## Prompt
From the data below, retype exactly the lines starting with the one that contains "theory Submission" and ending with the one that contains "that T^i x always", both included.

──────── Material for this exercise

(* Let $n\in\mathbb{N}$ and $(\sigma_1,\delta_2,\sigma_2,\dots,\delta_n,\sigma_n)\in\Sigma_n$, and let $$I_n(\sigma_1,\delta_2,\dots,\delta_n,\sigma_n)=\{x\in(0,1)\colon d_1(x)=\sigma_1,\ \epsilon_i(x)=\delta_i,\ d_i(x)=\sigma_i\ (2\le i\le n)\}.$$ If $\sigma_n$ is odd, this set is a singleton. If $\sigma_n$ is even, it is an open interval with endpoints $$x_1=\sum_{i=1}^{n-1}\frac{\delta_i}{\sigma_1\cdots\sigma_i}+\frac{\delta_n}{\sigma_1\cdots\sigma_{n-1}(\sigma_n-1)},\qquad x_2=\sum_{i=1}^{n-1}\frac{\delta_i}{\sigma_1\cdots\sigma_i}+\frac{\delta_n}{\sigma_1\cdots\sigma_{n-1}(\sigma_n+1)}$$ (with $\delta_1=1$), namely $(x_1,x_2)$ if $\delta_n=-1$ and $(x_2,x_1)$ if $\delta_n=1$. Consequently its length is $0$ if $\sigma_n$ is odd and $\frac{2}{\sigma_1\sigma_2\cdots\sigma_{n-1}(\sigma_n-1)(\sigma_n+1)}$ if $\sigma_n$ is even.
   Context: Define $T\colon[0,1)\to[0,1)$ by: for $k\in\mathbb{N}$, $Tx=\lceil 1/x\rceil x-1$ if $x\in(\frac{1}{2k},\frac{1}{2k-1})$; $Tx=1-\lfloor 1/x\rfloor x$ if $x\in(\frac{1}{2k+1},\frac{1}{2k})$; $Tx=0$ if $x\in\{0\}\cup\{1/n\colon n\ge 2\}$. For $x\in(0,1)$ define $d_1(x)=\lceil 1/x\rceil$, $s_1(x)=1$ if $x\in[\frac{1}{2k},\frac{1}{2k-1})$ for some $k$, and $d_1(x)=\lfloor 1/x\rfloor$, $s_1(x)=-1$ if $x\in[\frac{1}{2k+1},\frac{1}{2k})$ for some $k$. Set $d_{n+1}(x)=d_1(T^nx)$, $s_{n+1}(x)=s_1(T^nx)$ (when $T^nx\ne0$), $\epsilon_1(x)=1$, $\epsilon_{n+1}(x)=\prod_{k=1}^n s_k(x)$. $\Sigma_1=\{(\sigma_1)\colon \sigma_1\in\mathbb{N},\sigma_1\ge2\}$, and for $n\ge2$, $\Sigma_n$ is the set of tuples $(\sigma_1,\delta_2,\sigma_2,\dots,\delta_n,\sigma_n)$ with $\delta_i\in\{1,-1\}$, positive integers $2\le\sigma_1\le\sigma_2\le\cdots\le\sigma_n$ with $\sigma_i$ even for $1\le i\le n-1$, and (with $\delta_1:=1$) $\sigma_{i+1}\ge\sigma_i+2$ whenever $\delta_{i+1}=-\delta_i$, $1\le i\le n-1$. *)

theory Defs
  imports "HOL-Analysis.Analysis"
begin

definition Tmap :: "real \<Rightarrow> real" where
  "Tmap x =
     (if x = 0 \<or> (\<exists>m::nat. m \<ge> 2 \<and> x = 1 / real m) then 0
      else if (\<exists>k::nat. k \<ge> 1 \<and> 1 / real (2*k) < x \<and> x < 1 / real (2*k - 1))
        then real_of_int \<lceil>1 / x\<rceil> * x - 1
      else if (\<exists>k::nat. k \<ge> 1 \<and> 1 / real (2*k+1) < x \<and> x < 1 / real (2*k))
        then 1 - real_of_int \<lfloor>1 / x\<rfloor> * x
      else 0)"

definition d1 :: "real \<Rightarrow> int" where
  "d1 x = (if \<exists>k::nat. k \<ge> 1 \<and> 1 / real (2*k) \<le> x \<and> x < 1 / real (2*k - 1)
           then \<lceil>1 / x\<rceil> else \<lfloor>1 / x\<rfloor>)"

definition s1 :: "real \<Rightarrow> int" where
  "s1 x = (if \<exists>k::nat. k \<ge> 1 \<and> 1 / real (2*k) \<le> x \<and> x < 1 / real (2*k - 1)
           then 1 else -1)"

text \<open>Digits, 1-indexed: d_n(x) = d_1(T^(n-1) x), meaningful when T^(n-1) x \<noteq> 0.\<close>
definition digit :: "nat \<Rightarrow> real \<Rightarrow> int" where
  "digit n x = d1 ((Tmap ^^ (n - 1)) x)"

definition sdigit :: "nat \<Rightarrow> real \<Rightarrow> int" where
  "sdigit n x = s1 ((Tmap ^^ (n - 1)) x)"

definition eps :: "nat \<Rightarrow> real \<Rightarrow> int" where
  "eps n x = (\<Prod>k\<in>{1..<n}. sdigit k x)"

text \<open>Admissible tuples Sigma_n, represented by \<sigma>, \<delta> on indices 1..n, with the
  convention \<delta> 1 = 1.\<close>
definition in_Sigma :: "nat \<Rightarrow> (nat \<Rightarrow> nat) \<Rightarrow> (nat \<Rightarrow> int) \<Rightarrow> bool" where
  "in_Sigma n \<sigma> \<delta> \<longleftrightarrow>
     n \<ge> 1 \<and> \<delta> 1 = 1 \<and>
     (\<forall>i\<in>{2..n}. \<delta> i = 1 \<or> \<delta> i = -1) \<and>
     2 \<le> \<sigma> 1 \<and>
     (\<forall>i\<in>{1..<n}. \<sigma> i \<le> \<sigma> (i+1)) \<and>
     (\<forall>i\<in>{1..<n}. even (\<sigma> i)) \<and>
     (\<forall>i\<in>{1..<n}. \<delta> (i+1) = - \<delta> i \<longrightarrow> \<sigma> (i+1) \<ge> \<sigma> i + 2)"

definition cyl :: "nat \<Rightarrow> (nat \<Rightarrow> nat) \<Rightarrow> (nat \<Rightarrow> int) \<Rightarrow> real set" where
  "cyl n \<sigma> \<delta> = {x. 0 < x \<and> x < 1 \<and>
      (\<forall>i\<in>{1..n}. (Tmap ^^ (i - 1)) x \<noteq> 0 \<and> digit i x = int (\<sigma> i)) \<and>
      (\<forall>i\<in>{2..n}. eps i x = \<delta> i)}"

end

theory Submission
  imports Defs
begin

(*
  Every x in (0,1) satisfies x = (1 + s_1(x) T x) / d_1(x); conversely, for even m >= 2
  and a sign s, the inverse branch z |-> (1 + s z) / m sends every z > 0 with (m - s) z < 1
  to a point with d_1 = m, s_1 = s and T-image z.  A point z with first digit sigma
  satisfies (sigma - 1) z < 1, so the conditions defining Sigma_n (sigma_i even,
  sigma_{i+1} >= sigma_i, and sigma_{i+1} >= sigma_i + 2 when the sign flips) guarantee
  that T^i x always lies in the domain of the next inverse branch.  Composing the branches,
  I_n is the image of {y in (0,1). d_1(y) = sigma_n} under the affine map
  y |-> S + delta_n y / (sigma_1 ... sigma_{n-1}), and that set is the open interval
  (1/(sigma_n + 1), 1/(sigma_n - 1)) for even sigma_n and the point 1/sigma_n for odd sigma_n.
*)

lemma ceiling_eq_not_Ints_iff:
  fixes u :: real
  shows "\<lceil>u\<rceil> = c \<and> u \<notin> \<int> \<longleftrightarrow> of_int c - 1 < u \<and> u < of_int c"
proof
  assume u: "of_int c - 1 < u \<and> u < of_int c"
  have "u \<notin> \<int>"
  proof
    assume "u \<in> \<int>"
    then obtain j where "u = of_int j" by (elim Ints_cases)
    with u have "c - 1 < j \<and> j < c" by linarith
    then show False by linarith
  qed
  with u show "\<lceil>u\<rceil> = c \<and> u \<notin> \<int>" by (simp add: ceiling_eq_iff)
qed (auto simp: ceiling_eq_iff order.order_iff_strict)

lemma floor_ceiling_not_Ints:
  fixes u :: real
  assumes "u \<notin> \<int>"
  shows "of_int \<lfloor>u\<rfloor> < u" "u < of_int \<lceil>u\<rceil>" "\<lceil>u\<rceil> = \<lfloor>u\<rfloor> + 1"
proof -
  show "of_int \<lfloor>u\<rfloor> < u"
    using assms floor_correct[of u] by (metis Ints_of_int order_le_imp_less_or_eq)
  then show "u < of_int \<lceil>u\<rceil>" "\<lceil>u\<rceil> = \<lfloor>u\<rfloor> + 1"
    using assms ceiling_eq_not_Ints_iff[of u "\<lfloor>u\<rfloor> + 1"] by (auto simp: floor_correct)
qed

────────────────

## Task result
theory Submission
  imports Defs
begin

(*
  Every x in (0,1) satisfies x = (1 + s_1(x) T x) / d_1(x); conversely, for even m >= 2
  and a sign s, the inverse branch z |-> (1 + s z) / m sends every z > 0 with (m - s) z < 1
  to a point with d_1 = m, s_1 = s and T-image z.  A point z with first digit sigma
  satisfies (sigma - 1) z < 1, so the conditions defining Sigma_n (sigma_i even,
  sigma_{i+1} >= sigma_i, and sigma_{i+1} >= sigma_i + 2 when the sign flips) guarantee
  that T^i x always lies in the domain of the next inverse branch.  Composing the branches,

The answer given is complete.